Najbardziej chyba znanym przykładem jest historia wybitnego pisarza A. Huxley'a,
który w wyniku długotrwałej i ciągle pogarszającej się wady wzroku, pomimo stosowania
coraz mocniejszych szkieł, doszedł do stanu, gdy jego podstawowe zajęcie — czytanie, w
wieku 46 lat stało się niemożliwe. Jego jedno oko było w stanie rozróżnić jedynie światło i
ciemność, drugie zaś przy pomocy bardzo silnych okularów i ciągłym zakrapianiu
atropiny pozwalało rozróżniać znaki wielkości 25 centymetrów z odległości niecałych
trzech metrów. Przy czym widzenie powodowało bezustanne zmęczenie i napięcie. W
1939 r. Huxley po kilku miesiącach intensywnych ćwiczeń reedukacji wizualnej, mógł
czytać bez okularów, zaś niemal niewidzące uprzednio oko, rozpoznawało na tablicy
Snella literę wielkości 3 centymetrów z odległości 30 cm.
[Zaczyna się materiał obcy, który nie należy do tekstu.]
lemma perm_matrix_mult_nth: "(perm_matrix p ** M) $ i $ j = M $ (p i) $ j"
proof -
  have "(perm_matrix p ** M) $ i $ j = (\<Sum>k\<in>UNIV. (if k = p i then 1 else 0) * M $ k $ j)"
    unfolding perm_matrix_def matrix_matrix_mult_def by simp
  also have "\<dots> = (\<Sum>k\<in>UNIV. (if k = p i then M $ k $ j else 0))"
    by (rule sum.cong) auto
  finally show ?thesis by simp
qed

lemma perm_matrix_mult: "perm_matrix p ** perm_matrix q = perm_matrix (q \<circ> p)"
  by (simp add: vec_eq_iff perm_matrix_mult_nth perm_matrix_nth)

lemma perm_matrix_sign_diag: "perm_matrix p ** sign_diag A = sign_diag (p -` A) ** perm_matrix p"
  by (simp add: vec_eq_iff perm_matrix_mult_nth sign_diag_mult_nth sign_diag_nth perm_matrix_nth)

lemma det_perm_matrix:
  assumes "p permutes UNIV"
  shows "det (perm_matrix p) = of_int (sign p)"
proof -
  have "perm_matrix p = (\<chi> i. (mat 1 :: mat6) $ p i)"
    unfolding perm_matrix_def mat_def by (simp add: vec_eq_iff)
  then show ?thesis using assms by (simp add: det_permute_rows)
qed

lemma perm_matrix_mult_self: "(\<And>i. p (p i) = i) \<Longrightarrow> perm_matrix p ** perm_matrix p = mat 1"
  by (simp add: perm_matrix_mult vec_eq_iff perm_matrix_nth mat_def)

lemma transpose_perm_matrix_self: "(\<And>i. p (p i) = i) \<Longrightarrow> transpose (perm_matrix p) = perm_matrix p"
  unfolding perm_matrix_def transpose_def by (simp add: vec_eq_iff)

lemma perm_matrix_SO6:
  assumes inv: "\<And>i. p (p i) = i" and "sign p = 1"
  shows "perm_matrix p \<in> SO6"
proof -
  have pp: "p \<circ> p = id" using inv by auto
  have "p permutes UNIV" by (rule bij_imp_permutes) (use o_bij[OF pp pp] in auto)
  then show ?thesis
    unfolding SO6_def using assms by (simp add: perm_matrix_mult_self transpose_perm_matrix_self det_perm_matrix)
qed

lemma conj_sign_diag_perm_matrix:
  assumes "\<And>i. p (p i) = i"
  shows "transpose (perm_matrix p) ** sign_diag A ** perm_matrix p = sign_diag (p -` A)"
proof -
  have "transpose (perm_matrix p) ** sign_diag A ** perm_matrix p
      = sign_diag (p -` A) ** (perm_matrix p ** perm_matrix p)"
    using assms by (simp add: transpose_perm_matrix_self perm_matrix_sign_diag matrix_mul_assoc)
  then show ?thesis using assms by (simp add: perm_matrix_mult_self)
qed

definition swap_14_25 :: "6 \<Rightarrow> 6" where
  "swap_14_25 = Transposition.transpose 1 4 \<circ> Transposition.transpose 2 5"

definition swap_12_36 :: "6 \<Rightarrow> 6" where
  "swap_12_36 = Transposition.transpose 3 6 \<circ> Transposition.transpose 1 2"

lemma swap_14_25_simps [simp]:
  "swap_14_25 1 = 4" "swap_14_25 2 = 5" "swap_14_25 3 = 3" "swap_14_25 4 = 1" "swap_14_25 5 = 2" "swap_14_25 6 = 6"
  by (simp_all add: swap_14_25_def)

lemma swap_12_36_simps [simp]:
  "swap_12_36 1 = 2" "swap_12_36 2 = 1" "swap_12_36 3 = 6" "swap_12_36 4 = 4" "swap_12_36 5 = 5" "swap_12_36 6 = 3"
  by (simp_all add: swap_12_36_def)

lemma swap_14_25_involution: "swap_14_25 (swap_14_25 i) = i"
  using num6_exhaust[of i] by auto

lemma swap_12_36_involution: "swap_12_36 (swap_12_36 i) = i"
  using num6_exhaust[of i] by auto

lemma sign_swap_14_25: "sign swap_14_25 = 1"
  unfolding swap_14_25_def by (subst sign_compose) (auto simp: sign_swap_id permutation_swap_id)

lemma sign_swap_12_36: "sign swap_12_36 = 1"
  unfolding swap_12_36_def by (subst sign_compose) (auto simp: sign_swap_id permutation_swap_id)

section \<open>The groups \<open>Gamma1\<close> and \<open>Gamma2\<close>\<close>

definition sign_list :: "6 set \<Rightarrow> real list" where
  "sign_list A = map (\<lambda>i. if i \<in> A then -1 else 1) [1,2,3,4,5,6]"

lemma diagm_sign_list: "diagm (sign_list A) = sign_diag A"
  unfolding sign_list_def diagm_def sign_diag_def
  by (simp add: vec_eq_iff all_num6 vector_def)

definition Gamma1_reps :: "6 set set" where "Gamma1_reps = {{}, {1,2}, {1,3}, {2,3}}"
definition Gamma2_reps :: "6 set set" where "Gamma2_reps = {{}, {1,2}, {3,4}, {5,6}}"

lemma char_kernel_Gamma1_chars: "char_kernel Gamma1_chars = Gamma1_reps \<union> uminus ` Gamma1_reps"
proof -
  have "\<exists>B\<in>Gamma1_reps. A = B \<or> A = - B" if "A \<in> char_kernel Gamma1_chars" for A
    using that unfolding set_eq_num6_iff[of A] mem_char_kernel_Gamma1_iff Gamma1_reps_def
    by (cases "1 \<in> A"; cases "2 \<in> A"; cases "3 \<in> A"; cases "4 \<in> A"; cases "5 \<in> A"; cases "6 \<in> A") auto
  moreover have "Gamma1_reps \<union> uminus ` Gamma1_reps \<subseteq> char_kernel Gamma1_chars"
    by (simp add: Gamma1_reps_def mem_char_kernel_Gamma1_iff)
  ultimately show ?thesis by blast
qed

lemma Gamma1_eq: "Gamma1 = sign_diag ` char_kernel Gamma1_chars"
proof -
  have "Gamma1 = diagm ` sign_list ` (Gamma1_reps \<union> uminus ` Gamma1_reps)"
    unfolding Gamma1_def Gamma1_reps_def by (simp add: sign_list_def) (auto)
  then show ?thesis by (simp add: image_image diagm_sign_list char_kernel_Gamma1_chars)
qed

lemma char_kernel_Gamma2_chars: "char_kernel Gamma2_chars = Gamma2_reps \<union> uminus ` Gamma2_reps"
proof -
  have "\<exists>B\<in>Gamma2_reps. A = B \<or> A = - B" if "A \<in> char_kernel Gamma2_chars" for A
    using that unfolding set_eq_num6_iff[of A] mem_char_kernel_Gamma2_iff Gamma2_reps_def
    by (cases "1 \<in> A"; cases "2 \<in> A"; cases "3 \<in> A"; cases "4 \<in> A"; cases "5 \<in> A"; cases "6 \<in> A") auto
  moreover have "Gamma2_reps \<union> uminus ` Gamma2_reps \<subseteq> char_kernel Gamma2_chars"
    by (simp add: Gamma2_reps_def mem_char_kernel_Gamma2_iff)
  ultimately show ?thesis by blast
qed

lemma Gamma2_eq: "Gamma2 = sign_diag ` char_kernel Gamma2_chars"
proof -
  have "Gamma2 = diagm ` sign_list ` (Gamma2_reps \<union> uminus ` Gamma2_reps)"
    unfolding Gamma2_def Gamma2_reps_def by (simp add: sign_list_def) (auto)
  then show ?thesis by (simp add: image_image diagm_sign_list char_kernel_Gamma2_chars)
qed

lemma Gamma1_pm_reps: "Gamma1 = sign_diag ` Gamma1_reps \<union> uminus ` sign_diag ` Gamma1_reps"
  by (simp add: Gamma1_eq char_kernel_Gamma1_chars image_Un image_image uminus_sign_diag)

lemma Gamma2_pm_reps: "Gamma2 = sign_diag ` Gamma2_reps \<union> uminus ` sign_diag ` Gamma2_reps"
  by (simp add: Gamma2_eq char_kernel_Gamma2_chars image_Un image_image uminus_sign_diag)

lemma sign_diag_char_kernel_SO6: "sign_diag ` char_kernel K \<subseteq> SO6"
  by (auto simp: sign_diag_SO6_iff char_kernel_def)

lemma mat1_sign_diag_char_kernel: "mat 1 \<in> sign_diag ` char_kernel K"
  by (rule image_eqI[of _ _ "{}"]) (simp_all add: sign_diag_empty char_kernel_def even_subsets_def character_def)

lemma Gamma1_SO6: "Gamma1 \<subseteq> SO6"
  unfolding Gamma1_eq by (rule sign_diag_char_kernel_SO6)

lemma Gamma2_SO6: "Gamma2 \<subseteq> SO6"
  unfolding Gamma2_eq by (rule sign_diag_char_kernel_SO6)

lemma finite_Gamma1: "finite Gamma1"
  by (simp add: Gamma1_eq)

lemma finite_Gamma2: "finite Gamma2"
  by (simp add: Gamma2_eq)

lemma uminus_Gamma1: "a \<in> Gamma1 \<Longrightarrow> - a \<in> Gamma1"
  unfolding Gamma1_pm_reps by auto

lemma uminus_Gamma2: "a \<in> Gamma2 \<Longrightarrow> - a \<in> Gamma2"
  unfolding Gamma2_pm_reps by auto

lemma mat1_Gamma1: "mat 1 \<in> Gamma1"
  unfolding Gamma1_eq by (rule mat1_sign_diag_char_kernel)

lemma mat1_Gamma2: "mat 1 \<in> Gamma2"
  unfolding Gamma2_eq by (rule mat1_sign_diag_char_kernel)

lemma sign_diag_12_Gamma1_Gamma2: "sign_diag {1,2} \<in> Gamma1 \<inter> Gamma2"
  unfolding Gamma1_pm_reps Gamma1_reps_def Gamma2_pm_reps Gamma2_reps_def by simp

section \<open>Isotropy orders\<close>

lemma stab_mat1: "stab \<Gamma> (mat 1) = \<Gamma> \<inter> Gamma1"
  unfolding stab_def by auto

lemma conj_stab_Gamma1:
  assumes "g \<in> SO6" "a \<in> stab \<Gamma> g"
  shows "transpose g ** a ** g \<in> Gamma1"
proof -
  obtain b where b: "b \<in> Gamma1" "a ** g = g ** b" using assms(2) unfolding stab_def by auto
  have "transpose g ** a ** g = (transpose g ** g) ** b" by (simp add: b(2) flip: matrix_mul_assoc)
  then show ?thesis using assms(1) b(1) by (simp add: SO6_transpose_mult)
qed

lemma trace_conj_SO6:
  assumes "g \<in> SO6"
  shows "trace (transpose g ** a ** g) = trace a"
proof -
  have "trace (transpose g ** a ** g) = trace (g ** (transpose g ** a))" by (rule trace_mul_sym)
  then show ?thesis using assms by (simp add: matrix_mul_assoc SO6_mult_transpose)
qed

lemma conj_mult_SO6:
  assumes "g \<in> SO6"
  shows "(transpose g ** a ** g) ** (transpose g ** a' ** g) = transpose g ** (a ** a') ** g"
proof -
  have "(transpose g ** a ** g) ** (transpose g ** a' ** g) = transpose g ** a ** (g ** transpose g) ** a' ** g"
    by (simp add: matrix_mul_assoc)
  then show ?thesis using assms by (simp add: matrix_mul_assoc SO6_mult_transpose)
qed

lemma uminus_stab:
  assumes "\<And>a. a \<in> \<Gamma> \<Longrightarrow> - a \<in> \<Gamma>" "a \<in> stab \<Gamma> g"
  shows "- a \<in> stab \<Gamma> g"
proof -
  obtain b where "a \<in> \<Gamma>" "b \<in> Gamma1" "a ** g = g ** b" using assms(2) unfolding stab_def by auto
  moreover have "(- a) ** g = g ** (- b)" if "a ** g = g ** b"
    using that by (simp add: matrix_mul_uminus_left matrix_mul_uminus_right)
  ultimately show ?thesis unfolding stab_def using assms(1) uminus_Gamma1 by blast
qed

text \<open>An element of the kernel is conjugated into \<open>Gamma1\<close> by every \<open>g \<in> SO6\<close>; conjugating by
  suitable permutation matrices leaves only \<open>mat 1\<close> and \<open>- mat 1\<close>.\<close>

lemma act_kernel_eq_pm_mat1:
  assumes \<Gamma>: "\<Gamma> = sign_diag ` char_kernel K" and UNIV: "UNIV \<in> char_kernel K"
    and Ps: "\<And>p i. p \<in> Ps \<Longrightarrow> p (p i) = i" "\<And>p. p \<in> Ps \<Longrightarrow> sign p = 1"
    and detect: "\<And>A. A \<in> char_kernel K \<Longrightarrow> (\<And>p. p \<in> Ps \<Longrightarrow> p -` A \<in> char_kernel Gamma1_chars)
      \<Longrightarrow> A = {} \<or> A = UNIV"
  shows "act_kernel \<Gamma> = {mat 1, - mat 1}"
proof
  have pm1: "mat 1 = sign_diag {}" "- mat 1 = sign_diag UNIV"
    using uminus_sign_diag[of "{}"] by (simp_all add: sign_diag_empty)
  show "act_kernel \<Gamma> \<subseteq> {mat 1, - mat 1}"
  proof
    fix a assume a: "a \<in> act_kernel \<Gamma>"
    then obtain A where A: "A \<in> char_kernel K" "a = sign_diag A"
      unfolding act_kernel_def \<Gamma> by auto
    have "p -` A \<in> char_kernel Gamma1_chars" if p: "p \<in> Ps" for p
    proof -
      note P = perm_matrix_SO6[OF Ps[OF p]]
      have "a \<in> stab \<Gamma> (perm_matrix p)" using a P unfolding act_kernel_def stab_def by auto
      then have "transpose (perm_matrix p) ** a ** perm_matrix p \<in> Gamma1"
        by (rule conj_stab_Gamma1[OF P])
      then show ?thesis
        unfolding A(2) conj_sign_diag_perm_matrix[OF Ps(1)[OF p]] by (auto simp: Gamma1_eq sign_diag_inject)
    qed
    then show "a \<in> {mat 1, - mat 1}" using detect[OF A(1)] A(2) pm1 by auto
  qed
  have "{} \<in> char_kernel K" by (simp add: char_kernel_def even_subsets_def character_def)
  then have "sign_diag {} \<in> \<Gamma>" "sign_diag UNIV \<in> \<Gamma>" using UNIV unfolding \<Gamma> by auto
  then have "mat 1 \<in> \<Gamma>" "- mat 1 \<in> \<Gamma>" by (simp_all add: pm1(1) uminus_sign_diag)
  moreover have "- mat 1 \<in> Gamma1" using uminus_Gamma1[OF mat1_Gamma1] .
  ultimately have "k \<in> \<Gamma> \<and> k \<in> Gamma1 \<and> (\<forall>g. k ** g = g ** k)" if "k \<in> {mat 1, - mat 1}" for k
    using that mat1_Gamma1 by (auto simp: matrix_mul_uminus_left matrix_mul_uminus_right)
  then show "{mat 1, - mat 1} \<subseteq> act_kernel \<Gamma>"
    unfolding act_kernel_def by blast
qed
To co wydaje się najbardziej znamienne u Bates'a to podejście do pacjenta i jego
choroby. Bates nie zastanawiał się, tak jak to czynią niemal wszyscy okuliści w jaki
sposób dobrać pacjentowi najlepsze szkła. On myślał o tym jak można naprawdę pomóc
danemu pacjentowi, czyli jak go wyleczyć z dolegliwości tak aby był w stanie zdrowia,
czyli równowagi organizmu, aby mógł normalnie widzieć. Powiedzmy sobie jasno, że
przepisanie okularów przez okulistę pacjentowi z wadą wzroku, absolutnie nie przybliża
go do zdrowia! Często bywa nawet zupełnie odwrotnie. To tak jakby do chirurga
przyszedł pacjent ze złamaną nogą, a ten patrząc na niego, nie składając i nie gipsując mu
nogi obdarowałby pacjenta wózkiem inwalidzkim i proszkami uśmierzającymi ból,
mówiąc: “no o co chodzi, przecież może się pan poruszać."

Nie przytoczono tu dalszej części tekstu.